- Occupations: Facial plastic and reconstructive surgeon
- Known for: Use of Botox as chronic migraine cure
- Website: doctorbinder.com

= William J. Binder =

American facial plastic and reconstructive surgeon

William J. Binder is an American facial plastic surgeon. He is best known for his 1992 discovery of the use of Botox to alleviate chronic migraine.

==Biography==
Binder holds an M.D. degree from the University of Medicine and Dentistry of New Jersey. He was elected as a member of the Board of Directors of the American Academy of Facial Plastic and Reconstructive Surgery, where he also serves as a National Board Examiner.

He is a member of the National Review Committee for the American Academy of Neurology Therapeutics and Technologies Subcommittee on the Assessment of Botulinum Toxin Therapy and also is an adjunct reviewer for the Archives of Facial Plastic Surgery Journal.

Binder is board certified by both the American Academy of Facial Plastic and Reconstructive Surgery and the American Board of Otolaryngology and Head and Neck Surgery. He has published around 70 articles in national medical and surgical journals. He has edited three textbooks in Facial Plastic Surgery, Head and Neck Surgery, and Otolaryngology.

He speaks and lectures on various aspects of facial plastic surgery including rhinoplasty and a multi-level concept of facelift surgery.

Binder has filed 15 U.S. and European patents in the area of Custom Plastic Surgery Implants, Method for Reduction of Migraine Headache Pain, Flexible support wrap, and Anesthesia conduit.

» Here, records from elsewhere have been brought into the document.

lemma pq_stancu_weight_nonneg:
  "0 < q \<Longrightarrow> q \<le> p \<Longrightarrow> 0 \<le> x \<Longrightarrow> x \<le> 1 \<Longrightarrow> 0 \<le> pq_stancu_weight p q n k x"
  unfolding pq_stancu_weight_def using pq_bernstein_basis_nonneg[of q p x n k] by simp

lemma sum_pq_stancu_weight: "0 < q \<Longrightarrow> q < p \<Longrightarrow> (\<Sum>k\<le>n. pq_stancu_weight p q n k x) = 1"
  unfolding pq_stancu_weight_def sum_divide_distrib[symmetric] by (simp add: sum_pq_bernstein_basis)

lemma pq_stancu_node_mem:
  assumes "0 < q" "q < p" "n \<ge> 1" "0 \<le> \<alpha>" "\<alpha> \<le> \<beta>" "k \<le> n"
  shows "pq_stancu_node \<alpha> \<beta> n p q k \<in> {0..1}"
proof -
  have "0 \<le> p ^ (n - k) * pq_int k p q" using pq_int_nonneg[of q p k] assms by simp
  moreover have "0 < pq_int n p q" using pq_int_pos[of q p n] assms by simp
  ultimately show ?thesis
    using pq_int_shift_le[OF assms(1,2,6)] assms(4,5) by (auto simp: pq_stancu_node_def field_simps)
qed

lemma pq_stancu_second_moment:
  assumes "0 < q" "q < p" "n \<ge> 1" "0 \<le> \<beta>"
  shows "(\<Sum>k\<le>n. pq_stancu_weight p q n k x * (pq_stancu_node \<alpha> \<beta> n p q k - x)^2)
    = ((\<alpha> - x * \<beta>)^2 + pq_int n p q * p ^ (n - 1) * x * (1 - x)) / (pq_int n p q + \<beta>)^2"
proof -
  define N where "N = pq_int n p q"
  define P where "P = p ^ (n choose 2)"
  define B where "B k = pq_bernstein_basis p q n k x" for k
  define u where "u k = p ^ (n - k) * pq_int k p q" for k
  define c where "c = \<alpha> - x * (N + \<beta>)"
  have "0 < P" unfolding P_def using assms by simp
  have "0 < N + \<beta>" using pq_int_pos[of q p n] assms by (simp add: N_def)
  have summand: "pq_stancu_weight p q n k x * (pq_stancu_node \<alpha> \<beta> n p q k - x)^2
      = (B k * (u k)^2 + 2 * c * (B k * u k) + c^2 * B k) / (P * (N + \<beta>)^2)" for k
  proof -
    have "pq_stancu_node \<alpha> \<beta> n p q k - x = (u k + c) / (N + \<beta>)"
      using \<open>0 < N + \<beta>\<close> by (simp add: pq_stancu_node_def N_def u_def c_def field_simps)
    then have "pq_stancu_weight p q n k x * (pq_stancu_node \<alpha> \<beta> n p q k - x)^2
        = B k / P * ((u k + c) / (N + \<beta>))^2"
      by (simp add: pq_stancu_weight_def B_def P_def)
    also have "\<dots> = B k * (u k + c)^2 / (P * (N + \<beta>)^2)"
      by (simp only: power_divide times_divide_times_eq)
    finally show ?thesis by (simp add: power2_eq_square algebra_simps)
  qed
  have "(\<Sum>k\<le>n. pq_stancu_weight p q n k x * (pq_stancu_node \<alpha> \<beta> n p q k - x)^2)
      = ((\<Sum>k\<le>n. B k * (u k)^2) + 2 * c * (\<Sum>k\<le>n. B k * u k) + c^2 * (\<Sum>k\<le>n. B k))
        / (P * (N + \<beta>)^2)"
    unfolding summand sum_divide_distrib[symmetric] sum.distrib sum_distrib_left ..
  also have "\<dots> = ((p ^ (n - 1) * N * x + N * (N - p ^ (n - 1)) * x^2) * P + 2 * c * (N * x * P) + c^2 * P)
        / (P * (N + \<beta>)^2)"
    unfolding B_def u_def N_def P_def
    using sum_pq_bernstein_basis_second_moment[OF assms(1-3)] sum_pq_bernstein_basis_first_moment[OF assms(1,2)]
      sum_pq_bernstein_basis[OF assms(1,2)] by simp
  also have "\<dots> = P * ((\<alpha> - x * \<beta>)^2 + N * p ^ (n - 1) * x * (1 - x)) / (P * (N + \<beta>)^2)"
    by (simp add: c_def power2_eq_square algebra_simps)
  also have "\<dots> = ((\<alpha> - x * \<beta>)^2 + N * p ^ (n - 1) * x * (1 - x)) / (N + \<beta>)^2"
    using \<open>0 < P\<close> by simp
  finally show ?thesis unfolding N_def .
qed

lemma pq_stancu_second_moment_le:
  assumes "0 < q" "q < p" "p \<le> 1" "n \<ge> 1" "0 \<le> \<alpha>" "\<alpha> \<le> \<beta>" "0 \<le> x" "x \<le> 1"
  shows "(\<Sum>k\<le>n. pq_stancu_weight p q n k x * (pq_stancu_node \<alpha> \<beta> n p q k - x)^2)
    \<le> \<beta>^2 / (pq_int n p q)^2 + 1 / pq_int n p q"
proof -
  define N where "N = pq_int n p q"
  have "0 < N" using pq_int_pos[of q p n] assms by (simp add: N_def)
  have "(\<alpha> - x * \<beta>)^2 \<le> \<beta>^2"
  proof -
    have "0 \<le> x * \<beta>" "x * \<beta> \<le> \<beta>" using assms by (auto simp: mult_left_le_one_le)
    then have "\<bar>\<alpha> - x * \<beta>\<bar> \<le> \<bar>\<beta>\<bar>" using assms by linarith
    then show ?thesis by (simp add: abs_le_square_iff)
  qed
  moreover have "N * (p ^ (n - 1) * (x * (1 - x))) \<le> N"
    using \<open>0 < N\<close> assms by (intro mult_left_le mult_le_one) (auto simp: power_le_one mult_le_one)
  ultimately have "(\<alpha> - x * \<beta>)^2 + N * p ^ (n - 1) * x * (1 - x) \<le> \<beta>^2 + N"
    by (simp add: mult.assoc)
  then have "((\<alpha> - x * \<beta>)^2 + N * p ^ (n - 1) * x * (1 - x)) / (N + \<beta>)^2 \<le> (\<beta>^2 + N) / (N + \<beta>)^2"
    by (simp add: divide_right_mono)
  also have "\<dots> \<le> (\<beta>^2 + N) / N^2"
    using \<open>0 < N\<close> assms by (intro divide_left_mono power_mono) auto
  also have "\<dots> = \<beta>^2 / N^2 + 1 / N"
    using \<open>0 < N\<close> by (simp add: field_simps power2_eq_square)
  finally show ?thesis
    unfolding pq_stancu_second_moment[OF assms(1,2,4) order_trans[OF assms(5,6)]] N_def .
qed


lemma pq_int_sequence_at_top:
  fixes p q :: "nat \<Rightarrow> real"
  assumes "eventually (\<lambda>n. 0 \<le> q n \<and> q n \<le> 1 \<and> q n \<le> p n) sequentially"
    and "(\<lambda>n. q n ^ n) \<longlonglongrightarrow> 1"
  shows "filterlim (\<lambda>n. pq_int n (p n) (q n)) at_top sequentially"
proof (rule filterlim_at_top_mono)
  show "filterlim (\<lambda>n. q n ^ n * real n) at_top sequentially"
    by (rule filterlim_tendsto_pos_mult_at_top[OF assms(2)]) (simp_all add: filterlim_real_sequentially)
  from assms(1) show "eventually (\<lambda>n. q n ^ n * real n \<le> pq_int n (p n) (q n)) sequentially"
  proof eventually_elim
    case (elim n)
    then have "q n ^ n \<le> q n ^ (n - 1)" by (intro power_decreasing) auto
    then have "q n ^ n * real n \<le> real n * q n ^ (n - 1)" by (simp add: mult.commute mult_left_mono)
    also have "\<dots> \<le> pq_int n (p n) (q n)" using elim by (intro pq_int_ge_mult_power) auto
    finally show ?case .
  qed
qed

lemma tendsto_divide_square_add_inverse_0:
  fixes N :: "nat \<Rightarrow> real"
  assumes "filterlim N at_top sequentially"
  shows "(\<lambda>n. c / (N n)^2 + 1 / N n) \<longlonglongrightarrow> 0"
proof -
  have "(\<lambda>n. c * (inverse (N n))^2 + inverse (N n)) \<longlonglongrightarrow> c * 0^2 + 0"
    using assms by (intro tendsto_intros tendsto_inverse_0_at_top)
  then show ?thesis by (simp add: divide_inverse power_inverse)
qed

lemma continuous_on_compact_quadratic_modulus:
  fixes f :: "'a::metric_space \<Rightarrow> real"
  assumes "compact S" "continuous_on S f" "0 < e"
  obtains K where "0 \<le> K" "\<And>s x. s \<in> S \<Longrightarrow> x \<in> S \<Longrightarrow> \<bar>f s - f x\<bar> \<le> e + K * (dist s x)^2"
proof -
  obtain M where M: "0 < M" "\<And>s. s \<in> S \<Longrightarrow> \<bar>f s\<bar> \<le> M"
    using compact_imp_bounded[OF compact_continuous_image[OF assms(2,1)]] unfolding bounded_pos by auto
  obtain d where d: "0 < d" "\<And>s x. s \<in> S \<Longrightarrow> x \<in> S \<Longrightarrow> dist s x < d \<Longrightarrow> dist (f s) (f x) < e"
    using compact_uniformly_continuous[OF assms(2,1)] assms(3) unfolding uniformly_continuous_on_def by metis
  show ?thesis
  proof (rule that[of "2 * M / d^2"])
    show "0 \<le> 2 * M / d^2" using M by simp
    fix s x assume "s \<in> S" "x \<in> S"
    show "\<bar>f s - f x\<bar> \<le> e + 2 * M / d^2 * (dist s x)^2"
    proof (cases "dist s x < d")
      case True
      then have "\<bar>f s - f x\<bar> < e" using d(2)[OF \<open>s \<in> S\<close> \<open>x \<in> S\<close>] by (simp add: dist_real_def)
      moreover have "0 \<le> 2 * M / d^2 * (dist s x)^2" using M by simp
      ultimately show ?thesis by linarith
    next
      case False
      then have "d^2 \<le> (dist s x)^2" using d(1) by (simp add: power_mono)
      have "\<bar>f s - f x\<bar> \<le> 2 * M" using M(2)[OF \<open>s \<in> S\<close>] M(2)[OF \<open>x \<in> S\<close>] by linarith
      also have "\<dots> = 2 * M / d^2 * d^2" using d(1) by simp
      also have "\<dots> \<le> 2 * M / d^2 * (dist s x)^2"
        using \<open>d^2 \<le> (dist s x)^2\<close> M(1) by (intro mult_left_mono) auto
      finally show ?thesis using assms(3) by linarith
    qed
  qed
qed

lemma convex_combination_error_le:
  fixes w y d :: "'i \<Rightarrow> real"
  assumes "\<And>i. i \<in> I \<Longrightarrow> 0 \<le> w i" "sum w I = 1"
    and "\<And>i. i \<in> I \<Longrightarrow> \<bar>y i - c\<bar> \<le> e + K * d i"
  shows "\<bar>(\<Sum>i\<in>I. w i * y i) - c\<bar> \<le> e + K * (\<Sum>i\<in>I. w i * d i)"
proof -
  have "(\<Sum>i\<in>I. w i * y i) - c = (\<Sum>i\<in>I. w i * (y i - c))"
    using assms(2) by (simp add: right_diff_distrib sum_subtractf flip: sum_distrib_right)
  also have "\<bar>\<dots>\<bar> \<le> (\<Sum>i\<in>I. w i * \<bar>y i - c\<bar>)"
    using sum_abs[of "\<lambda>i. w i * (y i - c)" I] assms(1) by (simp add: abs_mult)
  also have "\<dots> \<le> (\<Sum>i\<in>I. w i * (e + K * d i))"
    using assms(1,3) by (intro sum_mono mult_left_mono) auto
  also have "\<dots> = (\<Sum>i\<in>I. w i) * e + K * (\<Sum>i\<in>I. w i * d i)"
    by (simp add: distrib_left sum.distrib sum_distrib_left sum_distrib_right mult.left_commute)
  also have "\<dots> = e + K * (\<Sum>i\<in>I. w i * d i)"
    using assms(2) by simp
  finally show ?thesis .
qed

lemma tendsto_SUP_abs_zero:
  fixes g :: "nat \<Rightarrow> 'a \<Rightarrow> real"
  assumes "A \<noteq> {}" and "\<And>e. 0 < e \<Longrightarrow> eventually (\<lambda>n. \<forall>x\<in>A. \<bar>g n x\<bar> \<le> e) sequentially"
  shows "(\<lambda>n. SUP x\<in>A. \<bar>g n x\<bar>) \<longlonglongrightarrow> 0"
proof (rule tendstoI)
  fix r :: real assume "0 < r"
  obtain a where "a \<in> A" using assms(1) by blast
  have "eventually (\<lambda>n. \<forall>x\<in>A. \<bar>g n x\<bar> \<le> r / 2) sequentially"
    using \<open>0 < r\<close> by (intro assms(2)) simp
  then show "eventually (\<lambda>n. dist (SUP x\<in>A. \<bar>g n x\<bar>) 0 < r) sequentially"
  proof eventually_elim
    case (elim n)
    then have "(SUP x\<in>A. \<bar>g n x\<bar>) \<le> r / 2" by (intro cSUP_least) (use assms(1) in auto)
    moreover have "\<bar>g n a\<bar> \<le> (SUP x\<in>A. \<bar>g n x\<bar>)"
      using elim \<open>a \<in> A\<close> by (intro cSUP_upper bdd_aboveI2[where M = "r / 2"]) auto
    ultimately show ?case using \<open>0 < r\<close> by auto
  qed
qed

lemma pq_bernstein_stancu_error_le:
  assumes "0 < q" "q < p" "p \<le> 1" "n \<ge> 1" "0 \<le> \<alpha>" "\<alpha> \<le> \<beta>" "x \<in> {0..1}" "0 \<le> K"
    and "\<And>s. s \<in> {0..1} \<Longrightarrow> \<bar>f s - f x\<bar> \<le> e + K * (s - x)^2"
  shows "\<bar>pq_bernstein_stancu \<alpha> \<beta> n p q f x - f x\<bar>
     \<le> e + K * (\<beta>^2 / (pq_int n p q)^2 + 1 / pq_int n p q)"
proof -
  have "\<bar>pq_bernstein_stancu \<alpha> \<beta> n p q f x - f x\<bar>
      \<le> e + K * (\<Sum>k\<le>n. pq_stancu_weight p q n k x * (pq_stancu_node \<alpha> \<beta> n p q k - x)^2)"
    unfolding pq_bernstein_stancu_eq_sum
    using assms pq_stancu_weight_nonneg sum_pq_stancu_weight pq_stancu_node_mem
    by (intro convex_combination_error_le) auto
  also have "\<dots> \<le> e + K * (\<beta>^2 / (pq_int n p q)^2 + 1 / pq_int n p q)"
    using pq_stancu_second_moment_le[OF assms(1-6)] assms(7,8) by (intro add_left_mono mult_left_mono) auto
  finally show ?thesis .
qed

theorem theorem3p1p1:
  fixes \<alpha> \<beta> :: real and p q :: "nat \<Rightarrow> real" and f :: "real \<Rightarrow> real"
  assumes "0 \<le> \<alpha>" and "\<alpha> \<le> \<beta>"
    and "\<And>n. n \<ge> 1 \<Longrightarrow> 0 < q n \<and> q n < 1"
    and "\<And>n. n \<ge> 1 \<Longrightarrow> q n < p n \<and> p n \<le> 1"
    and "p \<longlonglongrightarrow> 1" and "q \<longlonglongrightarrow> 1"
    and "(\<lambda>n. p n ^ n) \<longlonglongrightarrow> 1" and "(\<lambda>n. q n ^ n) \<longlonglongrightarrow> 1"
    and "continuous_on {0..1} f"
  shows "(\<lambda>n. SUP x\<in>{0..1}. \<bar>pq_bernstein_stancu \<alpha> \<beta> n (p n) (q n) f x - f x\<bar>)
           \<longlonglongrightarrow> 0"
proof (rule tendsto_SUP_abs_zero)
  define N where "N n = pq_int n (p n) (q n)" for n
  have "filterlim N at_top sequentially"
    unfolding N_def
    by (rule pq_int_sequence_at_top[OF eventually_mono[OF eventually_ge_at_top[of 1]] assms(8)])
      (use assms(3,4) in force)
  then have moment_to_0: "(\<lambda>n. \<beta>^2 / (N n)^2 + 1 / N n) \<longlonglongrightarrow> 0"
    by (rule tendsto_divide_square_add_inverse_0)
  fix e :: real assume "0 < e"
  then obtain K where "0 \<le> K"
    and K: "\<And>s x. s \<in> {0..1} \<Longrightarrow> x \<in> {0..1} \<Longrightarrow> \<bar>f s - f x\<bar> \<le> e / 2 + K * (s - x)^2"
    using continuous_on_compact_quadratic_modulus[OF compact_Icc assms(9), of "e / 2"]
    by (auto simp: dist_real_def)
  have "eventually (\<lambda>n. K * (\<beta>^2 / (N n)^2 + 1 / N n) < e / 2) sequentially"
    using tendsto_mult_right_zero[OF moment_to_0, of K] \<open>0 < e\<close> by (intro order_tendstoD(2)) auto
  then show "eventually (\<lambda>n. \<forall>x\<in>{0..1}.
      \<bar>pq_bernstein_stancu \<alpha> \<beta> n (p n) (q n) f x - f x\<bar> \<le> e) sequentially"
    using eventually_ge_at_top[of 1]
  proof eventually_elim
    case (elim n)
    show ?case
    proof
      fix x :: real assume "x \<in> {0..1}"
      have "\<bar>pq_bernstein_stancu \<alpha> \<beta> n (p n) (q n) f x - f x\<bar>
          \<le> e / 2 + K * (\<beta>^2 / (N n)^2 + 1 / N n)"
        unfolding N_def using assms(1-4) elim(2) \<open>x \<in> {0..1}\<close> \<open>0 \<le> K\<close> K
        by (intro pq_bernstein_stancu_error_le) auto
      then show "\<bar>pq_bernstein_stancu \<alpha> \<beta> n (p n) (q n) f x - f x\<bar> \<le> e" using elim(1) by linarith
    qed
  qed
qed simp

In 1992, Binder discovered the use of Botox to alleviate the suffering of those with chronic migraine headaches. He reported that patients who had cosmetic injections around the face reported relief from chronic headache. This was initially thought to be an indirect effect of reduced muscle tension, but it is now known that the toxin inhibits release of peripheral nociceptive neurotransmitters, suppressing the central pain processing systems responsible for migraine headache. In 2010, the FDA approved intramuscular botulinum toxin injections for prophylactic treatment of chronic migraine headache.